_TASK INSTRUCTIONS_
Only lines containing "exists" belong in the answer, each copied from the entries below.

── EXERCISE MATERIALS ──

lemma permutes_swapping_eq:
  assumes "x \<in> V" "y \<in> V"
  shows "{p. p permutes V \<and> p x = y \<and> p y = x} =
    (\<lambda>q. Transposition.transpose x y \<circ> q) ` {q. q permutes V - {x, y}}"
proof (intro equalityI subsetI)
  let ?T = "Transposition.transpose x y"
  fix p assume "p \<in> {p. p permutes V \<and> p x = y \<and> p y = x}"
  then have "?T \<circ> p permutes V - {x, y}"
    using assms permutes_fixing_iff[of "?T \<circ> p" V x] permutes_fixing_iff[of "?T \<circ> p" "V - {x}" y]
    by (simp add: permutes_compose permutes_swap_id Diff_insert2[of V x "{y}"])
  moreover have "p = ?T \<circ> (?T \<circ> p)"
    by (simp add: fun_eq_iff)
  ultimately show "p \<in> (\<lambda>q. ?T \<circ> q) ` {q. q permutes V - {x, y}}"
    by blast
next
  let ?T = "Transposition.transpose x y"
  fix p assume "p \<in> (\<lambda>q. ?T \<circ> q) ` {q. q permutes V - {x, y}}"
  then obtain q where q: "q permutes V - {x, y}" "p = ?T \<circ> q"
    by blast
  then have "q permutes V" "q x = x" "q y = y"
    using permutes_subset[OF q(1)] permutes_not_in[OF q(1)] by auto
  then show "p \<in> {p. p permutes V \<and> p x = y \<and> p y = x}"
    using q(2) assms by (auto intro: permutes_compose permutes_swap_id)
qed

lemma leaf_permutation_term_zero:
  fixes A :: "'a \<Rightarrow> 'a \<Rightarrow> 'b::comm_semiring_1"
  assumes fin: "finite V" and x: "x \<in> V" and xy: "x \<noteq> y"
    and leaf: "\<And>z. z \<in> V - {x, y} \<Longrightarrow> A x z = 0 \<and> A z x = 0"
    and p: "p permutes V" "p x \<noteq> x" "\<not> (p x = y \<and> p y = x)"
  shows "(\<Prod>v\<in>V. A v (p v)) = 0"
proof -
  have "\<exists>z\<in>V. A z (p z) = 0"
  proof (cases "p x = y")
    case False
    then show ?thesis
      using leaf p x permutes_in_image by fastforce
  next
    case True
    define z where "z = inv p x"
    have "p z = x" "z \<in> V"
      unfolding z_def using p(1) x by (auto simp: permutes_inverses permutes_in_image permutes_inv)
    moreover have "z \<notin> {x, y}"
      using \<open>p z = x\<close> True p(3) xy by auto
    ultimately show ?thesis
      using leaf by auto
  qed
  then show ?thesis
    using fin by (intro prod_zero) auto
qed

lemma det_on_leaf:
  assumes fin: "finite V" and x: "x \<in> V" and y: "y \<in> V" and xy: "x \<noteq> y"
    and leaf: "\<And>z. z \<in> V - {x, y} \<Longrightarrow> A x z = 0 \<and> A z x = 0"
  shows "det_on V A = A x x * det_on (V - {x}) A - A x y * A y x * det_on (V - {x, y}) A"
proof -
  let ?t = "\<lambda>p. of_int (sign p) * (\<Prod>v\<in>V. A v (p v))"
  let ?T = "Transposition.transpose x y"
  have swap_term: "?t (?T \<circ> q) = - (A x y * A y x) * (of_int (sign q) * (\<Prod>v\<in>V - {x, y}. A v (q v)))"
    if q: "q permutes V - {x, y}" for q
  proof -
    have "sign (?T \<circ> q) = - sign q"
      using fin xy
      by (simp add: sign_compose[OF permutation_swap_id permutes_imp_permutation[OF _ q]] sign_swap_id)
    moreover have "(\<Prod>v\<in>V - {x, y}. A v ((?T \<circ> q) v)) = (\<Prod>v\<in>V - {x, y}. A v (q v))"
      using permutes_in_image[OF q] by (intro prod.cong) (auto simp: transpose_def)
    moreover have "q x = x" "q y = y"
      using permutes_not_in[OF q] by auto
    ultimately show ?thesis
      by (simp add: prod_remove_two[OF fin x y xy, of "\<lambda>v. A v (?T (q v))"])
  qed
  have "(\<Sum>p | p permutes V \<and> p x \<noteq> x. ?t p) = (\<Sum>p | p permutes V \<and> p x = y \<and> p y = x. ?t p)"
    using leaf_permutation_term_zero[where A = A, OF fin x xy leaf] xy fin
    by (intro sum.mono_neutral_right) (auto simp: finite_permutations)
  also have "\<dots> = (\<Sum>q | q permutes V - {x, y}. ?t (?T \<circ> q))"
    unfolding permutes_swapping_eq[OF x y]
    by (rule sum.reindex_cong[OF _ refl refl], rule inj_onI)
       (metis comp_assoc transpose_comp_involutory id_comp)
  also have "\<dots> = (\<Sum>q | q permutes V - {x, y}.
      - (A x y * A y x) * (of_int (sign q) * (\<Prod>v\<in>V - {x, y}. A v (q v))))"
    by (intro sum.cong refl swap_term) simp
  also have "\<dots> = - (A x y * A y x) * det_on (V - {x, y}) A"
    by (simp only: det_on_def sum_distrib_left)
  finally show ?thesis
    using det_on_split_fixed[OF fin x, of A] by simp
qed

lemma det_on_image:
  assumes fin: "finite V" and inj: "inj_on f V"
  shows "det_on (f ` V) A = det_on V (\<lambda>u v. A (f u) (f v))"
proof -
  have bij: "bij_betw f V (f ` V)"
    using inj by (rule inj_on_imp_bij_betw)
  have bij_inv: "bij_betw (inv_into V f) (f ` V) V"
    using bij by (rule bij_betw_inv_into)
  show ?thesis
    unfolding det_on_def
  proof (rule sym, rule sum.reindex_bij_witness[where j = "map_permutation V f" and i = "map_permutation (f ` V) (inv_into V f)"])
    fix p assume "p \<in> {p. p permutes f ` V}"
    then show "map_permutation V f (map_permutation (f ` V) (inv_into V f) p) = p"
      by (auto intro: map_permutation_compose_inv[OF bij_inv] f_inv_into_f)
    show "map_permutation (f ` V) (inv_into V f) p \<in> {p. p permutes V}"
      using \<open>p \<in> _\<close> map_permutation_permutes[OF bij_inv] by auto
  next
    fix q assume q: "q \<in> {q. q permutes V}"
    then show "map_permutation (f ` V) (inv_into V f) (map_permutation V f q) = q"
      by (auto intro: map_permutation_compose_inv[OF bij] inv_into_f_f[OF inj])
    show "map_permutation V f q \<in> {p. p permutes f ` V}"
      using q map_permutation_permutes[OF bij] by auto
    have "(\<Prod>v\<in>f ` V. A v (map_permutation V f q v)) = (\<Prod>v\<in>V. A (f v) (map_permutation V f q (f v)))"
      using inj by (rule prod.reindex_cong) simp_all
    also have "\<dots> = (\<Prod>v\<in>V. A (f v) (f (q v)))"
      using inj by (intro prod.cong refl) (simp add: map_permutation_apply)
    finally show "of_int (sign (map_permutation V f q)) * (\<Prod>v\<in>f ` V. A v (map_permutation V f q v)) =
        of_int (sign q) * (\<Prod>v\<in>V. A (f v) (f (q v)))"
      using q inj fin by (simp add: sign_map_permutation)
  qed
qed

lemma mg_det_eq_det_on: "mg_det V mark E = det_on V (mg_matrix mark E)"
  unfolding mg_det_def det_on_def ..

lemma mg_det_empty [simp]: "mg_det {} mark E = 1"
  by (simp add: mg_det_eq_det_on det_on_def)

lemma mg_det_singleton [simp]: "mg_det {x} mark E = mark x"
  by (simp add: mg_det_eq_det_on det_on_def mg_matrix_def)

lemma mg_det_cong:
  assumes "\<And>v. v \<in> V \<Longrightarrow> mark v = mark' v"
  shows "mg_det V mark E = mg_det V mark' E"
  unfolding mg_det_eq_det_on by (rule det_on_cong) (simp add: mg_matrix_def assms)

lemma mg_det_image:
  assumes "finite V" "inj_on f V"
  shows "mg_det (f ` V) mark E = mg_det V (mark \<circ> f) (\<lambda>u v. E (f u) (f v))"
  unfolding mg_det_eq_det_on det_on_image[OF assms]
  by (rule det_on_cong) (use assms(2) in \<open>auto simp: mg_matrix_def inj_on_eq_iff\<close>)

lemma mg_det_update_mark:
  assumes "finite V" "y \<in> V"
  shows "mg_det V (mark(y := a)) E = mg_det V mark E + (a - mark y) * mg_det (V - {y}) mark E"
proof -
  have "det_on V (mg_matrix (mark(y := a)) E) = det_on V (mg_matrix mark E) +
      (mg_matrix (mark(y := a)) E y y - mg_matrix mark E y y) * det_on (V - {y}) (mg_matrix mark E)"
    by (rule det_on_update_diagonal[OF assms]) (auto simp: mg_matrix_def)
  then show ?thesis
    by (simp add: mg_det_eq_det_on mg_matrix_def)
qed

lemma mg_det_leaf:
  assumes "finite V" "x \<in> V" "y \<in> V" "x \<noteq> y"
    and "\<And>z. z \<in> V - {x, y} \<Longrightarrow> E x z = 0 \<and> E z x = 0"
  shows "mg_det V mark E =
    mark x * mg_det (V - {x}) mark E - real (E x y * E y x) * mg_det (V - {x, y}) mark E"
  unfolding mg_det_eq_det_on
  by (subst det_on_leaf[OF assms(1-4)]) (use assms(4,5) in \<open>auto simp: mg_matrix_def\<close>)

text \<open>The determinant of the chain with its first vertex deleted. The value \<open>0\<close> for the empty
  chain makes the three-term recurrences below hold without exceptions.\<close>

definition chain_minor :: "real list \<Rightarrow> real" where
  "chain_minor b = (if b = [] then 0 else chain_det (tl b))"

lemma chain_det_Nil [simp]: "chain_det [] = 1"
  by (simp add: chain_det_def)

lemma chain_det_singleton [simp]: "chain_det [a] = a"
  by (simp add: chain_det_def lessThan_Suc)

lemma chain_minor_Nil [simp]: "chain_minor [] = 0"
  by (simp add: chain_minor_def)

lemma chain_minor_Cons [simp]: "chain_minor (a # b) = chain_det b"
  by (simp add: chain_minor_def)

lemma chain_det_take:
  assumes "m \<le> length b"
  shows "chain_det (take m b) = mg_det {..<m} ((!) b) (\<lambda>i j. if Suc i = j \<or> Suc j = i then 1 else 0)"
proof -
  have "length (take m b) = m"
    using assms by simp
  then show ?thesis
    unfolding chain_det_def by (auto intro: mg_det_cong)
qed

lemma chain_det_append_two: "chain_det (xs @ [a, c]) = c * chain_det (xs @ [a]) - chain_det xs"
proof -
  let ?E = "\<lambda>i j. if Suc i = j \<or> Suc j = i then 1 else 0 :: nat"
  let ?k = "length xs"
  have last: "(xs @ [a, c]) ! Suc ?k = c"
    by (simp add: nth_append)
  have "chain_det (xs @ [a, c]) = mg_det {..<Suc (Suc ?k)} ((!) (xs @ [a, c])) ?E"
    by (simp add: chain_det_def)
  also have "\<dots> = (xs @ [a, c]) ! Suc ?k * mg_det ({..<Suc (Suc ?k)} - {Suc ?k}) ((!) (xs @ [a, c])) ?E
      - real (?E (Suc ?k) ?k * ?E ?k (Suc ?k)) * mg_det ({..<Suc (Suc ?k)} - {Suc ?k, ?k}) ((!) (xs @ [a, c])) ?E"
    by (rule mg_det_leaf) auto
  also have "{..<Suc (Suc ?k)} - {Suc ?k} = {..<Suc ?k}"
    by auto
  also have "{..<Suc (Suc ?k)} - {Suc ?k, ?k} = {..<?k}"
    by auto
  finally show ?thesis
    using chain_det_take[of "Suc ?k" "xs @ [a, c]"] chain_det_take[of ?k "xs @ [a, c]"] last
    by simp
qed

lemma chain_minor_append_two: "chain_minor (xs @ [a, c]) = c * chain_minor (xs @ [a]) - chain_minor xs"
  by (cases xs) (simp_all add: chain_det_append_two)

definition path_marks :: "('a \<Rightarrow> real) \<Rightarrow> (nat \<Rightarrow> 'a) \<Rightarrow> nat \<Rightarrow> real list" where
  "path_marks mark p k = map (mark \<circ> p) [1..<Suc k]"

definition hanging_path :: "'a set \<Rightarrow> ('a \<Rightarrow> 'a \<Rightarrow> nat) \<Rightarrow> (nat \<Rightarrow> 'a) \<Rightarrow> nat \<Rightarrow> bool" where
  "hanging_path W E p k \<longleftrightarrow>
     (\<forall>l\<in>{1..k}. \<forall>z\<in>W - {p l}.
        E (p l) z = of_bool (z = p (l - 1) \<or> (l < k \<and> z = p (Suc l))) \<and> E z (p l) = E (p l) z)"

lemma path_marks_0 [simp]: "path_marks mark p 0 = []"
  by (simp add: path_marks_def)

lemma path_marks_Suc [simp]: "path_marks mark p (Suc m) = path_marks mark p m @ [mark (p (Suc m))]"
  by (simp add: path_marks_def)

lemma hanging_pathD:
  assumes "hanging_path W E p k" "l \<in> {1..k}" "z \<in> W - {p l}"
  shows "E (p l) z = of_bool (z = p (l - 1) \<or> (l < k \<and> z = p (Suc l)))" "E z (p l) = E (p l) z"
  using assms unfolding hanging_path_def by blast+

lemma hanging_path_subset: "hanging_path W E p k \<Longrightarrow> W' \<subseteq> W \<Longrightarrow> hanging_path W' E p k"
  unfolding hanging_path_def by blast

───
── EXERCISE MATERIALS ──

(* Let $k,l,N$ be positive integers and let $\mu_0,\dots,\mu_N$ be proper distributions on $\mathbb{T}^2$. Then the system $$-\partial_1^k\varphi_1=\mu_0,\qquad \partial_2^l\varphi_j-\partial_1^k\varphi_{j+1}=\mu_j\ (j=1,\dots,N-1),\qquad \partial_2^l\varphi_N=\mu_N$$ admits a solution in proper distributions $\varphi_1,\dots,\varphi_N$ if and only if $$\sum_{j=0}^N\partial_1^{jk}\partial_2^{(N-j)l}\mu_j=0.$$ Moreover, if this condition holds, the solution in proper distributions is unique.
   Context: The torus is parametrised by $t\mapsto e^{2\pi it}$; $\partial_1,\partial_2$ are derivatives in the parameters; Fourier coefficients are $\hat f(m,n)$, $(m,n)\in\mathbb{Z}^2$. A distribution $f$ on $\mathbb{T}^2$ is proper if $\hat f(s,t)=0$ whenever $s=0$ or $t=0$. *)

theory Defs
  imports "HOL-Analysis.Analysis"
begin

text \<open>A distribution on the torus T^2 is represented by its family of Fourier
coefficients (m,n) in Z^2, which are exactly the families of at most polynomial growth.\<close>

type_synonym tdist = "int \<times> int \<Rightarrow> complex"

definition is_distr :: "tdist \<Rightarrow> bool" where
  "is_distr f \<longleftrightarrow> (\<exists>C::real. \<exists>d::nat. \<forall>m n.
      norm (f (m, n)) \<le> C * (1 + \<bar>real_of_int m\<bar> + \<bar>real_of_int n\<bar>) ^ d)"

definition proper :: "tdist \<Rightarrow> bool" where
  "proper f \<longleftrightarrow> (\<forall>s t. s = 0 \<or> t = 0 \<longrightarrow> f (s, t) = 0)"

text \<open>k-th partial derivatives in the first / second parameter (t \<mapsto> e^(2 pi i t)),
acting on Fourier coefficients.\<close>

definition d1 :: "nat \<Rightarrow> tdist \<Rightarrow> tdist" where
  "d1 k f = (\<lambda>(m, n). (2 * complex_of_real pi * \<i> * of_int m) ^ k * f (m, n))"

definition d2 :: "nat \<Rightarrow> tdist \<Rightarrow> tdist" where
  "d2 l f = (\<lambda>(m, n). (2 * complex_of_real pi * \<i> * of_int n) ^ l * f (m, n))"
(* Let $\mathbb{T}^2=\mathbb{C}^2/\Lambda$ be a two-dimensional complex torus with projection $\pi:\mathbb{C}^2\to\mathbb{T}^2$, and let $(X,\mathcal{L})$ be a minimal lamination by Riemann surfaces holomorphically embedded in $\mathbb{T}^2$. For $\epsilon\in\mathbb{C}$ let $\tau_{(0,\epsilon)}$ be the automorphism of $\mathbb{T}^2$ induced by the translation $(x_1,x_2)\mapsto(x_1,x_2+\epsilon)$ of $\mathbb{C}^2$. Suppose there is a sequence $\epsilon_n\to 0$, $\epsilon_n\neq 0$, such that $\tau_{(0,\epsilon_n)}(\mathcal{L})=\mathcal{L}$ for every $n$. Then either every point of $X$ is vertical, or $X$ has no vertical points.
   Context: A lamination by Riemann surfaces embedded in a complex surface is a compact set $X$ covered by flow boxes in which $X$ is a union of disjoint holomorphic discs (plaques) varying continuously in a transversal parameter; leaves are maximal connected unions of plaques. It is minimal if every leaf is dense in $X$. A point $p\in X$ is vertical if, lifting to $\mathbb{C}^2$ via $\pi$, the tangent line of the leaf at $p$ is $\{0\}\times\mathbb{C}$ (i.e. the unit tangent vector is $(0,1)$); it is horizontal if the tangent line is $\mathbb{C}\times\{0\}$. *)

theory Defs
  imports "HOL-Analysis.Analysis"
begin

───

_ANSWER TO THIS PROBLEM_
  have "\<exists>z\<in>V. A z (p z) = 0"
  "is_distr f \<longleftrightarrow> (\<exists>C::real. \<exists>d::nat. \<forall>m n.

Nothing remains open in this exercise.